»»

(* The functional $\delta$ defines a finite metric on $\mathrm{Conv}_{\mathrm{coe}}(\mathbb{R}^n)$. Furthermore, $\delta(u,v)=\delta(u(\cdot-x_0)+t_0,\,v(\cdot-x_0)+t_0)$ for every $u,v\in\mathrm{Conv}_{\mathrm{coe}}(\mathbb{R}^n)$, $x_0\in\mathbb{R}^n$ and $t_0\in\mathbb{R}$.
   Context: $\mathrm{Conv}_{\mathrm{coe}}(\mathbb{R}^n)$ is the set of proper, lower semicontinuous, convex, coercive functions $u:\mathbb{R}^n\to\mathbb{R}\cup\{+\infty\}$. $u^*(y)=\sup_x(\langle x,y\rangle-u(x))$ is the convex conjugate. For $\lambda>0$, $\|u^*-v^*\|_{\infty,\frac1\lambda B^n}=\sup_{|x|\le1/\lambda}|u^*(x)-v^*(x)|$. Define $\delta(u,v)=\inf\{\lambda>0:\|u^*-v^*\|_{\infty,\frac1\lambda B^n}\le\lambda\}$; equivalently $\delta(u,v)=\inf\{\lambda>0: u\ge v\,\Box\,(n_\lambda-\lambda)\text{ and }v\ge u\,\Box\,(n_\lambda-\lambda)\}$ where $n_\lambda(x)=|x|/\lambda$ and $\Box$ is infimal convolution. *)

theory Defs
  imports "HOL-Analysis.Analysis"
begin

definition proper_fn :: "('a \<Rightarrow> ereal) \<Rightarrow> bool" where
  "proper_fn u \<longleftrightarrow> (\<forall>x. u x \<noteq> -\<infinity>) \<and> (\<exists>x. u x \<noteq> \<infinity>)"

definition lsc_fn :: "('a::topological_space \<Rightarrow> ereal) \<Rightarrow> bool" where
  "lsc_fn u \<longleftrightarrow> (\<forall>t::real. closed {x. u x \<le> ereal t})"

definition convex_fn :: "('a::real_vector \<Rightarrow> ereal) \<Rightarrow> bool" where
  "convex_fn u \<longleftrightarrow> convex {(x, t::real). u x \<le> ereal t}"

definition coercive_fn :: "('a::real_normed_vector \<Rightarrow> ereal) \<Rightarrow> bool" where
  "coercive_fn u \<longleftrightarrow> (u \<longlongrightarrow> \<infinity>) at_infinity"

definition Conv_coe :: "('a::euclidean_space \<Rightarrow> ereal) set" where
  "Conv_coe = {u. proper_fn u \<and> lsc_fn u \<and> convex_fn u \<and> coercive_fn u}"

definition conj_fn :: "('a::euclidean_space \<Rightarrow> ereal) \<Rightarrow> 'a \<Rightarrow> ereal" where
  "conj_fn u y = (SUP x. ereal (x \<bullet> y) - u x)"

text \<open>The condition ||u* - v*||_{infinity, (1/lambda) B^n} <= lambda, read in the
  extended reals as |u* - v*| <= lambda pointwise on the ball.\<close>
definition delta_ok :: "('a::euclidean_space \<Rightarrow> ereal) \<Rightarrow> ('a \<Rightarrow> ereal) \<Rightarrow> real \<Rightarrow> bool" where
  "delta_ok u v l \<longleftrightarrow> (\<forall>x. norm x \<le> 1 / l \<longrightarrow>
      conj_fn u x \<le> conj_fn v x + ereal l \<and> conj_fn v x \<le> conj_fn u x + ereal l)"

definition delta :: "('a::euclidean_space \<Rightarrow> ereal) \<Rightarrow> ('a \<Rightarrow> ereal) \<Rightarrow> real" where
  "delta u v = Inf {l. l > 0 \<and> delta_ok u v l}"

end

(*
  A proper coercive convex function grows at least linearly, u(z) >= r |z| - K, so its
  conjugate is bounded above by K on the ball of radius r; one finite value of u bounds u*
  from below there.  Hence u* - v* is bounded near the origin and delta(u, v) is finite.
  Symmetry and the triangle inequality are inherited from sup-distances of conjugates on
  shrinking balls, and delta(u, v) = 0 forces u* = v*, hence u = v by the Fenchel-Moreau
  theorem u** = u, which comes from separating points from the closed convex epigraph.
  Finally, translating u by x0 and adding t0 adds the affine function <x0, y> - t0 to u*,
  which cancels in u* - v*.
*)

theory Submission
  imports Defs
begin

section \<open>Affine minorants and the Fenchel--Moreau theorem\<close>

definition epigraph :: "('a \<Rightarrow> ereal) \<Rightarrow> ('a \<times> real) set" where
  "epigraph u = {(x, t). u x \<le> ereal t}"

definition affine_minorant :: "('a::real_inner \<Rightarrow> ereal) \<Rightarrow> 'a \<Rightarrow> real \<Rightarrow> bool" where
  "affine_minorant u a c \<longleftrightarrow> (\<forall>z. ereal (a \<bullet> z + c) \<le> u z)"

lemma epigraph_eq_INT_sublevel:
  "epigraph u = (\<Inter>s. {x. u x \<le> ereal s} \<times> UNIV \<union> UNIV \<times> {s..})"
proof (intro set_eqI iffI)
  fix p :: "'a \<times> real"
  assume "p \<in> (\<Inter>s. {x. u x \<le> ereal s} \<times> UNIV \<union> UNIV \<times> {s..})"
  then have "u (fst p) \<le> ereal s" if "snd p < s" for s
    using that by (cases p) fastforce
  then show "p \<in> epigraph u"
    unfolding epigraph_def by (cases p) (auto intro: ereal_le_epsilon2)
qed (auto simp: epigraph_def intro: order_trans)

lemma closed_epigraph:
  assumes "lsc_fn u" shows "closed (epigraph u)"
  using assms unfolding lsc_fn_def epigraph_eq_INT_sublevel
  by (auto intro!: closed_Times)

lemma epigraph_separation:
  fixes u :: "'a::euclidean_space \<Rightarrow> ereal"
  assumes "lsc_fn u" "convex_fn u" "\<not> u x \<le> ereal t" "u x1 \<noteq> \<infinity>"
  shows "\<exists>a \<alpha> b. 0 \<le> \<alpha> \<and> a \<bullet> x + \<alpha> * t < b \<and> (\<forall>z s. u z \<le> ereal s \<longrightarrow> b < a \<bullet> z + \<alpha> * s)"
proof -
  have "convex (epigraph u)" "(x, t) \<notin> epigraph u"
    using assms(2,3) unfolding convex_fn_def epigraph_def by auto
  then obtain p b where p: "p \<bullet> (x, t) < b" "\<forall>q\<in>epigraph u. b < p \<bullet> q"
    using separating_hyperplane_closed_point closed_epigraph[OF assms(1)] by blast
  obtain a \<alpha> where p_eq: "p = (a, \<alpha>)" by fastforce
  have sep: "\<forall>z s. u z \<le> ereal s \<longrightarrow> b < a \<bullet> z + \<alpha> * s"
    using p(2) unfolding p_eq epigraph_def by auto
  obtain s0 where s0: "u x1 \<le> ereal s0"
    using assms(4) by (cases "u x1") auto
  have "0 \<le> \<alpha>"
  proof (rule ccontr)
    assume neg: "\<not> 0 \<le> \<alpha>"
    define s where "s = max s0 ((b - a \<bullet> x1) / \<alpha>)"
    have "u x1 \<le> ereal s" using s0 unfolding s_def by (auto intro: order_trans)
    then have "b < a \<bullet> x1 + \<alpha> * s" using sep by blast
    moreover have "\<alpha> * s \<le> \<alpha> * ((b - a \<bullet> x1) / \<alpha>)"
      using neg unfolding s_def by (intro mult_left_mono_neg) auto
    ultimately show False using neg by simp
  qed
  with p(1) sep show ?thesis unfolding p_eq by auto
qed

lemma affine_minorant_of_separation:
  assumes "0 < \<alpha>" "\<forall>z s. u z \<le> ereal s \<longrightarrow> b < a \<bullet> z + \<alpha> * s"
  shows "affine_minorant u (- a /\<^sub>R \<alpha>) (b / \<alpha>)"
  unfolding affine_minorant_def
proof
  fix z show "ereal ((- a /\<^sub>R \<alpha>) \<bullet> z + b / \<alpha>) \<le> u z"
  proof (rule ereal_le_real)
    fix s assume "u z \<le> ereal s"
    then have "b < a \<bullet> z + \<alpha> * s" using assms(2) by blast
    then show "ereal ((- a /\<^sub>R \<alpha>) \<bullet> z + b / \<alpha>) \<le> ereal s"
      using assms(1) by (simp add: field_simps)
  qed
qed

lemma affine_minorant_tilt:
  assumes "affine_minorant u a0 c0" "\<forall>z s. u z \<le> ereal s \<longrightarrow> b < a \<bullet> z" "0 \<le> k"
  shows "affine_minorant u (a0 - k *\<^sub>R a) (c0 + k * b)"
  unfolding affine_minorant_def
proof
  fix z show "ereal ((a0 - k *\<^sub>R a) \<bullet> z + (c0 + k * b)) \<le> u z"
  proof (rule ereal_le_real)
    fix s assume us: "u z \<le> ereal s"
    then have "b < a \<bullet> z" using assms(2) by blast
    then have "k * (b - a \<bullet> z) \<le> 0"
      using assms(3) by (simp add: mult_nonneg_nonpos)
    then have "(a0 - k *\<^sub>R a) \<bullet> z + (c0 + k * b) \<le> a0 \<bullet> z + c0"
      by (simp add: algebra_simps)
    also have "ereal (a0 \<bullet> z + c0) \<le> ereal s"
      using assms(1) us unfolding affine_minorant_def by (blast intro: order_trans)
    finally show "ereal ((a0 - k *\<^sub>R a) \<bullet> z + (c0 + k * b)) \<le> ereal s" by simp
  qed
qed

lemma proper_fn_obtain_finite:
  assumes "proper_fn u" obtains x c where "u x = ereal c"
  using assms unfolding proper_fn_def by (metis ereal_cases)

lemma affine_minorant_exists:
  fixes u :: "'a::euclidean_space \<Rightarrow> ereal"
  assumes "proper_fn u" "lsc_fn u" "convex_fn u"
  obtains a c where "affine_minorant u a c"
proof -
  obtain x0 c0 where x0: "u x0 = ereal c0" using proper_fn_obtain_finite[OF assms(1)] .
  obtain a \<alpha> b where sep: "a \<bullet> x0 + \<alpha> * (c0 - 1) < b" "\<forall>z s. u z \<le> ereal s \<longrightarrow> b < a \<bullet> z + \<alpha> * s"
    using epigraph_separation[OF assms(2,3), of x0 "c0 - 1" x0] x0 by auto
  have "b < a \<bullet> x0 + \<alpha> * c0" using sep(2) x0 by simp
  with sep(1) have "0 < \<alpha>" by (simp add: algebra_simps)
  with sep(2) show ?thesis using affine_minorant_of_separation that by blast
qed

««

Assignment: Please return every line in the data that includes the string "fastforce".

Response to this task:
    using that by (cases p) fastforce
  obtain a \<alpha> where p_eq: "p = (a, \<alpha>)" by fastforce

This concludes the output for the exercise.